The data needs to be returned in full, exactly as it reads.

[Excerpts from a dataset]

::::::::

(* Let $k\ge1$ and let $G\in\mathfrak A$ contain no subgraph isomorphic to $\Gamma_{k+1}$. If $H$ is a subgraph of $G$ isomorphic to $\Gamma_k$, then every vertex $q\in V(G)$ is an $H$-twin of some vertex of $H$.
   Context: $\mathfrak A$ is the class of maximal triangle-free graphs with at least two vertices containing no induced cycle of length six. (Maximal triangle-free: no triangle, and adding any new edge creates a triangle.) Andrásfai graph $\Gamma_k$: vertex set $\mathbb Z/(3k-1)\mathbb Z$, $ij$ an edge iff $i-j\in\{k,\dots,2k-1\}$ mod $3k-1$. For a subgraph $H$ of $G$, $q\in V(H)$, $q'\in V(G)$, $q'$ is an $H$-twin of $q$ if $\mathrm N(q)\cap V(H)=\mathrm N(q')\cap V(H)$ (neighbourhoods in $G$). *)

theory Defs
  imports Main
begin

definition simple_graph :: "'a set \<Rightarrow> ('a \<Rightarrow> 'a \<Rightarrow> bool) \<Rightarrow> bool" where
  "simple_graph V E \<longleftrightarrow> finite V \<and> (\<forall>x y. E x y \<longrightarrow> E y x)
     \<and> (\<forall>x. \<not> E x x) \<and> (\<forall>x y. E x y \<longrightarrow> x \<in> V \<and> y \<in> V)"

definition triangle_free :: "'a set \<Rightarrow> ('a \<Rightarrow> 'a \<Rightarrow> bool) \<Rightarrow> bool" where
  "triangle_free V E \<longleftrightarrow>
     \<not> (\<exists>x\<in>V. \<exists>y\<in>V. \<exists>z\<in>V. E x y \<and> E y z \<and> E x z)"

text \<open>Maximal triangle-free: triangle-free, and adding any new edge xy
(x, y distinct and non-adjacent) creates a triangle, i.e. x and y have a
common neighbour.\<close>
definition maximal_triangle_free :: "'a set \<Rightarrow> ('a \<Rightarrow> 'a \<Rightarrow> bool) \<Rightarrow> bool" where
  "maximal_triangle_free V E \<longleftrightarrow> triangle_free V E \<and>
     (\<forall>x\<in>V. \<forall>y\<in>V. x \<noteq> y \<and> \<not> E x y \<longrightarrow> (\<exists>z\<in>V. E x z \<and> E y z))"

definition has_induced_C6 :: "'a set \<Rightarrow> ('a \<Rightarrow> 'a \<Rightarrow> bool) \<Rightarrow> bool" where
  "has_induced_C6 V E \<longleftrightarrow> (\<exists>c :: nat \<Rightarrow> 'a. inj_on c {0..<6} \<and> c ` {0..<6} \<subseteq> V \<and>
     (\<forall>i<6. \<forall>j<6. E (c i) (c j) \<longleftrightarrow> (i + 6 - j) mod 6 \<in> {1, 5}))"

definition classA :: "'a set \<Rightarrow> ('a \<Rightarrow> 'a \<Rightarrow> bool) \<Rightarrow> bool" where
  "classA V E \<longleftrightarrow> simple_graph V E \<and> card V \<ge> 2 \<and> maximal_triangle_free V E
     \<and> \<not> has_induced_C6 V E"

text \<open>Andrasfai graph Gamma_k: vertices {0..<3k-1} (representing Z/(3k-1)),
ij an edge iff i - j mod (3k-1) lies in {k, ..., 2k-1}.\<close>
definition andrasfai_verts :: "nat \<Rightarrow> nat set" where
  "andrasfai_verts k = {0..<3*k-1}"

definition andrasfai_edge :: "nat \<Rightarrow> nat \<Rightarrow> nat \<Rightarrow> bool" where
  "andrasfai_edge k i j \<longleftrightarrow> (i + (3*k-1) - j) mod (3*k-1) \<in> {k..2*k-1}"

text \<open>An embedding of Gamma_k as a (not necessarily induced) subgraph of G:
an injective map on vertices sending edges to edges. The subgraph H it
determines has vertex set f ` andrasfai_verts k.\<close>
definition andrasfai_subgraph_emb ::
    "nat \<Rightarrow> 'a set \<Rightarrow> ('a \<Rightarrow> 'a \<Rightarrow> bool) \<Rightarrow> (nat \<Rightarrow> 'a) \<Rightarrow> bool" where
  "andrasfai_subgraph_emb k V E f \<longleftrightarrow> inj_on f (andrasfai_verts k)
     \<and> f ` andrasfai_verts k \<subseteq> V
     \<and> (\<forall>i\<in>andrasfai_verts k. \<forall>j\<in>andrasfai_verts k.
          andrasfai_edge k i j \<longrightarrow> E (f i) (f j))"

definition contains_andrasfai :: "nat \<Rightarrow> 'a set \<Rightarrow> ('a \<Rightarrow> 'a \<Rightarrow> bool) \<Rightarrow> bool" where
  "contains_andrasfai k V E \<longleftrightarrow> (\<exists>f. andrasfai_subgraph_emb k V E f)"

definition is_twin :: "('a \<Rightarrow> 'a \<Rightarrow> bool) \<Rightarrow> 'a set \<Rightarrow> 'a \<Rightarrow> 'a \<Rightarrow> bool" where
  "is_twin E VH q q' \<longleftrightarrow> {x \<in> VH. E q x} = {x \<in> VH. E q' x}"

end

theory Submission
  imports Defs
begin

::::::::

◆ Expected answer ◆
(* Let $k\ge1$ and let $G\in\mathfrak A$ contain no subgraph isomorphic to $\Gamma_{k+1}$. If $H$ is a subgraph of $G$ isomorphic to $\Gamma_k$, then every vertex $q\in V(G)$ is an $H$-twin of some vertex of $H$.
   Context: $\mathfrak A$ is the class of maximal triangle-free graphs with at least two vertices containing no induced cycle of length six. (Maximal triangle-free: no triangle, and adding any new edge creates a triangle.) Andrásfai graph $\Gamma_k$: vertex set $\mathbb Z/(3k-1)\mathbb Z$, $ij$ an edge iff $i-j\in\{k,\dots,2k-1\}$ mod $3k-1$. For a subgraph $H$ of $G$, $q\in V(H)$, $q'\in V(G)$, $q'$ is an $H$-twin of $q$ if $\mathrm N(q)\cap V(H)=\mathrm N(q')\cap V(H)$ (neighbourhoods in $G$). *)

theory Defs
  imports Main
begin

definition simple_graph :: "'a set \<Rightarrow> ('a \<Rightarrow> 'a \<Rightarrow> bool) \<Rightarrow> bool" where
  "simple_graph V E \<longleftrightarrow> finite V \<and> (\<forall>x y. E x y \<longrightarrow> E y x)
     \<and> (\<forall>x. \<not> E x x) \<and> (\<forall>x y. E x y \<longrightarrow> x \<in> V \<and> y \<in> V)"

definition triangle_free :: "'a set \<Rightarrow> ('a \<Rightarrow> 'a \<Rightarrow> bool) \<Rightarrow> bool" where
  "triangle_free V E \<longleftrightarrow>
     \<not> (\<exists>x\<in>V. \<exists>y\<in>V. \<exists>z\<in>V. E x y \<and> E y z \<and> E x z)"

text \<open>Maximal triangle-free: triangle-free, and adding any new edge xy
(x, y distinct and non-adjacent) creates a triangle, i.e. x and y have a
common neighbour.\<close>
definition maximal_triangle_free :: "'a set \<Rightarrow> ('a \<Rightarrow> 'a \<Rightarrow> bool) \<Rightarrow> bool" where
  "maximal_triangle_free V E \<longleftrightarrow> triangle_free V E \<and>
     (\<forall>x\<in>V. \<forall>y\<in>V. x \<noteq> y \<and> \<not> E x y \<longrightarrow> (\<exists>z\<in>V. E x z \<and> E y z))"

definition has_induced_C6 :: "'a set \<Rightarrow> ('a \<Rightarrow> 'a \<Rightarrow> bool) \<Rightarrow> bool" where
  "has_induced_C6 V E \<longleftrightarrow> (\<exists>c :: nat \<Rightarrow> 'a. inj_on c {0..<6} \<and> c ` {0..<6} \<subseteq> V \<and>
     (\<forall>i<6. \<forall>j<6. E (c i) (c j) \<longleftrightarrow> (i + 6 - j) mod 6 \<in> {1, 5}))"

definition classA :: "'a set \<Rightarrow> ('a \<Rightarrow> 'a \<Rightarrow> bool) \<Rightarrow> bool" where
  "classA V E \<longleftrightarrow> simple_graph V E \<and> card V \<ge> 2 \<and> maximal_triangle_free V E
     \<and> \<not> has_induced_C6 V E"

text \<open>Andrasfai graph Gamma_k: vertices {0..<3k-1} (representing Z/(3k-1)),
ij an edge iff i - j mod (3k-1) lies in {k, ..., 2k-1}.\<close>
definition andrasfai_verts :: "nat \<Rightarrow> nat set" where
  "andrasfai_verts k = {0..<3*k-1}"

definition andrasfai_edge :: "nat \<Rightarrow> nat \<Rightarrow> nat \<Rightarrow> bool" where
  "andrasfai_edge k i j \<longleftrightarrow> (i + (3*k-1) - j) mod (3*k-1) \<in> {k..2*k-1}"

text \<open>An embedding of Gamma_k as a (not necessarily induced) subgraph of G:
an injective map on vertices sending edges to edges. The subgraph H it
determines has vertex set f ` andrasfai_verts k.\<close>
definition andrasfai_subgraph_emb ::
    "nat \<Rightarrow> 'a set \<Rightarrow> ('a \<Rightarrow> 'a \<Rightarrow> bool) \<Rightarrow> (nat \<Rightarrow> 'a) \<Rightarrow> bool" where
  "andrasfai_subgraph_emb k V E f \<longleftrightarrow> inj_on f (andrasfai_verts k)
     \<and> f ` andrasfai_verts k \<subseteq> V
     \<and> (\<forall>i\<in>andrasfai_verts k. \<forall>j\<in>andrasfai_verts k.
          andrasfai_edge k i j \<longrightarrow> E (f i) (f j))"

definition contains_andrasfai :: "nat \<Rightarrow> 'a set \<Rightarrow> ('a \<Rightarrow> 'a \<Rightarrow> bool) \<Rightarrow> bool" where
  "contains_andrasfai k V E \<longleftrightarrow> (\<exists>f. andrasfai_subgraph_emb k V E f)"

definition is_twin :: "('a \<Rightarrow> 'a \<Rightarrow> bool) \<Rightarrow> 'a set \<Rightarrow> 'a \<Rightarrow> 'a \<Rightarrow> bool" where
  "is_twin E VH q q' \<longleftrightarrow> {x \<in> VH. E q x} = {x \<in> VH. E q' x}"

end

theory Submission
  imports Defs
begin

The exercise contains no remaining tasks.